=== Study material ===

lemma stochastic_matrix_stationary_vector:
  fixes \<mu> :: "nat \<Rightarrow> nat \<Rightarrow> real"
  assumes "1 \<le> n" and "\<And>i. i < n \<Longrightarrow> \<mu> i \<in> std_simplex n"
  shows "\<exists>\<nu>\<in>std_simplex n. \<forall>j<n. (\<Sum>i<n. \<nu> i * \<mu> i j) = \<nu> j"
proof -
  have "\<exists>c. c \<in> std_simplex n \<and>
      (\<forall>j<n. \<bar>(\<Sum>i<n. c i * \<mu> i j) - c j\<bar> \<le> inverse (real (Suc k)))" for k
    using stochastic_matrix_almost_stationary[of n \<mu> k] assms by blast
  then obtain c where c: "\<And>k. c k \<in> std_simplex n"
    "\<And>k j. j < n \<Longrightarrow> \<bar>(\<Sum>i<n. c k i * \<mu> i j) - c k j\<bar> \<le> inverse (real (Suc k))"
    by metis
  obtain \<nu> r where \<nu>: "\<nu> \<in> std_simplex n" "strict_mono r" "(c \<circ> r) \<longlonglongrightarrow> \<nu>"
    using seq_compactE[OF compact_imp_seq_compact[OF compact_std_simplex], of c] c(1) by metis
  have coord: "(\<lambda>k. c (r k) j) \<longlonglongrightarrow> \<nu> j" for j
    using continuous_on_tendsto_compose[OF continuous_on_product_coordinates[of j] \<nu>(3)]
    by (simp add: o_def)
  have "(\<Sum>i<n. \<nu> i * \<mu> i j) = \<nu> j" if "j < n" for j
  proof -
    let ?d = "\<lambda>k. (\<Sum>i<n. c (r k) i * \<mu> i j) - c (r k) j"
    have "?d \<longlonglongrightarrow> (\<Sum>i<n. \<nu> i * \<mu> i j) - \<nu> j"
      by (intro tendsto_diff tendsto_sum tendsto_mult_right coord)
    moreover have "?d \<longlonglongrightarrow> 0"
    proof (rule Lim_null_comparison[OF always_eventually LIMSEQ_inverse_real_of_nat], rule allI)
      fix k
      have "inverse (real (Suc (r k))) \<le> inverse (real (Suc k))"
        using seq_suble[OF \<nu>(2), of k] by (simp add: le_imp_inverse_le)
      then show "norm (?d k) \<le> inverse (real (Suc k))"
        using c(2)[OF that, of "r k"] unfolding real_norm_def by linarith
    qed
    ultimately show ?thesis using LIMSEQ_unique by fastforce
  qed
  then show ?thesis using \<nu>(1) by blast
qed

lemma finite_eq_image_lessThan_padded:
  assumes "finite S" "S \<noteq> {}" "card S \<le> n"
  obtains x where "S = x ` {..<n}"
proof -
  obtain x0 where "bij_betw x0 {0..<card S} S"
    using ex_bij_betw_nat_finite[OF assms(1)] by blast
  moreover have "0 < card S" using assms(1,2) by (simp add: card_gt_0_iff)
  ultimately obtain m where x0: "S = x0 ` {..<m}" and m: "0 < m" "m \<le> n"
    using assms(3) by (auto simp: bij_betw_def atLeast0LessThan)
  define x where "x i = (if i < m then x0 i else x0 0)" for i
  have image_x: "x ` {..<n} = x0 ` {..<m}"
  proof
    show "x ` {..<n} \<subseteq> x0 ` {..<m}" using m by (auto simp: x_def)
    show "x0 ` {..<m} \<subseteq> x ` {..<n}"
    proof (rule image_subsetI)
      fix i assume "i \<in> {..<m}"
      then have "x0 i = x i" "i < n" using m by (auto simp: x_def)
      then show "x0 i \<in> x ` {..<n}" by auto
    qed
  qed
  show thesis by (rule that[of x]) (simp only: x0 image_x)
qed

lemma WNQ_self_map_has_fixed_point:
  fixes T :: "'a::real_vector \<Rightarrow> 'a set"
  assumes "finite S" "S \<noteq> {}"
    and into: "\<forall>x\<in>convex hull S. T x \<subseteq> convex hull S"
    and "WNQ (convex hull S) (convex hull S) T"
  shows "\<exists>z\<in>convex hull S. z \<in> T z"
proof -
  define n where "n = card S + 3"
  have "card S \<le> n" by (simp add: n_def)
  then obtain x where S: "S = x ` {..<n}"
    using finite_eq_image_lessThan_padded[OF assms(1,2)] by blast
  define \<beta> where "\<beta> l = (\<Sum>j<n. l j *\<^sub>R x j)" for l
  have K: "convex hull S = \<beta> ` std_simplex n"
    unfolding S \<beta>_def by (rule convex_hull_image_lessThan)
  have x: "\<forall>i<n. x i \<in> convex hull S" using S by (auto intro: hull_inc)
  obtain y where y: "\<forall>i<n. y i \<in> T (x i)"
    and comb: "\<forall>l\<in>std_simplex n. (\<Sum>i<n. l i *\<^sub>R y i) \<in> T (\<beta> l)"
    using WNQ_imp_convex_combinations[OF assms(4) _ x] n_def unfolding \<beta>_def by auto
  have "\<exists>m. m \<in> std_simplex n \<and> y i = \<beta> m" if "i < n" for i
  proof -
    have "y i \<in> convex hull S" using y into x that by blast
    then show ?thesis unfolding K by blast
  qed
  then obtain \<mu> where \<mu>: "\<And>i. i < n \<Longrightarrow> \<mu> i \<in> std_simplex n \<and> y i = \<beta> (\<mu> i)"
    by metis
  obtain \<nu> where \<nu>: "\<nu> \<in> std_simplex n" "\<forall>j<n. (\<Sum>i<n. \<nu> i * \<mu> i j) = \<nu> j"
    using stochastic_matrix_stationary_vector[of n \<mu>] \<mu> n_def by auto
  have "(\<Sum>i<n. \<nu> i *\<^sub>R y i) = (\<Sum>i<n. \<Sum>j<n. (\<nu> i * \<mu> i j) *\<^sub>R x j)"
    using \<mu> by (simp add: \<beta>_def scaleR_sum_right)
  also have "\<dots> = (\<Sum>j<n. (\<Sum>i<n. \<nu> i * \<mu> i j) *\<^sub>R x j)"
    by (subst sum.swap) (simp add: scaleR_sum_left)
  also have "\<dots> = \<beta> \<nu>" using \<nu>(2) by (simp add: \<beta>_def)
  finally have "\<beta> \<nu> \<in> T (\<beta> \<nu>)" using comb \<nu>(1) by metis
  then show ?thesis using K \<nu>(1) by blast
qed

lemma tvs_continuous_on_linear_combination:
  fixes x :: "nat \<Rightarrow> 'a::{real_vector,topological_space}"
  assumes "tvs TYPE('a)"
  shows "continuous_on UNIV (\<lambda>l::nat \<Rightarrow> real. \<Sum>j<N. l j *\<^sub>R x j)"
proof (induction N)
  case 0
  then show ?case by simp
next
  case (Suc N)
  have add: "continuous_on UNIV (\<lambda>p::'a \<times> 'a. fst p + snd p)"
    and scale: "continuous_on UNIV (\<lambda>p::real \<times> 'a. fst p *\<^sub>R snd p)"
    using assms by (auto simp: tvs_def)
  have "continuous_on UNIV (\<lambda>l::nat \<Rightarrow> real. l N *\<^sub>R x N)"
    using continuous_on_compose2[OF scale continuous_on_Pair[OF
          continuous_on_product_coordinates[of N] continuous_on_const[of UNIV "x N"]]]
    by simp
  then show ?case
    using continuous_on_compose2[OF add continuous_on_Pair[OF Suc.IH]] by simp
qed

lemma tvs_continuous_on_diff:
  assumes "tvs TYPE('a::{real_vector,topological_space})"
  shows "continuous_on UNIV (\<lambda>p::'a \<times> 'a. fst p - snd p)"
proof -
  have add: "continuous_on UNIV (\<lambda>p::'a \<times> 'a. fst p + snd p)"
    and scale: "continuous_on UNIV (\<lambda>p::real \<times> 'a. fst p *\<^sub>R snd p)"
    using assms by (auto simp: tvs_def)
  have "continuous_on UNIV (\<lambda>p::'a \<times> 'a. (\<lambda>q. fst q *\<^sub>R snd q) (-1::real, snd p))"
    by (rule continuous_on_compose2[OF scale]) (auto intro!: continuous_intros)
  then have "continuous_on UNIV (\<lambda>p::'a \<times> 'a. (\<lambda>q. fst q + snd q) (fst p, (-1::real) *\<^sub>R snd p))"
    by (intro continuous_on_compose2[OF add]) (auto intro!: continuous_intros)
  then show ?thesis by simp
qed

lemma tvs_compact_convex_hull:
  fixes S :: "'a::{real_vector,topological_space} set"
  assumes "tvs TYPE('a)" "finite S"
  shows "compact (convex hull S)"
proof -
  obtain x where "bij_betw x {0..<card S} S"
    using ex_bij_betw_nat_finite[OF assms(2)] by blast
  then obtain m where "S = x ` {..<m}" by (auto simp: bij_betw_def atLeast0LessThan)
  then have "convex hull S = (\<lambda>l. \<Sum>j<m. l j *\<^sub>R x j) ` std_simplex m"
    by (simp add: convex_hull_image_lessThan)
  then show ?thesis
    using compact_continuous_image[OF continuous_on_subset[OF
          tvs_continuous_on_linear_combination[OF assms(1)]] compact_std_simplex]
    by simp
qed

lemma tvs_separate_diagonal_point_from_graph:
  fixes z :: "'a::{real_vector,topological_space}"
  assumes "tvs TYPE('a)"
    and "(z, z) \<notin> closure (Gr K T)"
  obtains U V where "open U" "open V" "z \<in> U" "0 \<in> V"
    "\<And>a b v. a \<in> U \<Longrightarrow> a \<in> K \<Longrightarrow> b \<in> T a \<Longrightarrow> v \<in> V \<Longrightarrow> b + v \<notin> U"
proof -
  have "open (- closure (Gr K T))" "(z, z) \<in> - closure (Gr K T)" using assms(2) by auto
  then obtain A B where AB: "open A" "open B" "(z, z) \<in> A \<times> B" "A \<times> B \<subseteq> - closure (Gr K T)"
    by (rule open_prod_elim)
  have "open ((\<lambda>p::'a \<times> 'a. fst p - snd p) -` B)"
    by (rule continuous_imp_open_vimage[OF tvs_continuous_on_diff[OF assms(1)] open_UNIV AB(2)])
      simp
  moreover have "(z, 0) \<in> (\<lambda>p::'a \<times> 'a. fst p - snd p) -` B" using AB(3) by simp
  ultimately obtain P V where PV: "open P" "open V" "(z, 0) \<in> P \<times> V"
    "P \<times> V \<subseteq> (\<lambda>p::'a \<times> 'a. fst p - snd p) -` B"
    by (rule open_prod_elim)
  show thesis
  proof (rule that[of "A \<inter> P" V])
    fix a b v assume a: "a \<in> A \<inter> P" "a \<in> K" "b \<in> T a" "v \<in> V"
    show "b + v \<notin> A \<inter> P"
    proof
      assume "b + v \<in> A \<inter> P"
      then have "(a, b) \<in> A \<times> B" using PV(4) a(1,4) by force
      moreover have "(a, b) \<in> closure (Gr K T)"
        using a closure_subset by (force simp: Gr_def)
      ultimately show False using AB(4) by blast
    qed
  qed (use AB PV in auto)
qed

===

> [Action item] Set down, exactly as they stand above, the lines starting with the line with "using WNQ_imp_convex_combinations[OF assms(4)" and going on through the line with "that by blast", and no others.

> [Completed task]
    using WNQ_imp_convex_combinations[OF assms(4) _ x] n_def unfolding \<beta>_def by auto
  have "\<exists>m. m \<in> std_simplex n \<and> y i = \<beta> m" if "i < n" for i
  proof -
    have "y i \<in> convex hull S" using y into x that by blast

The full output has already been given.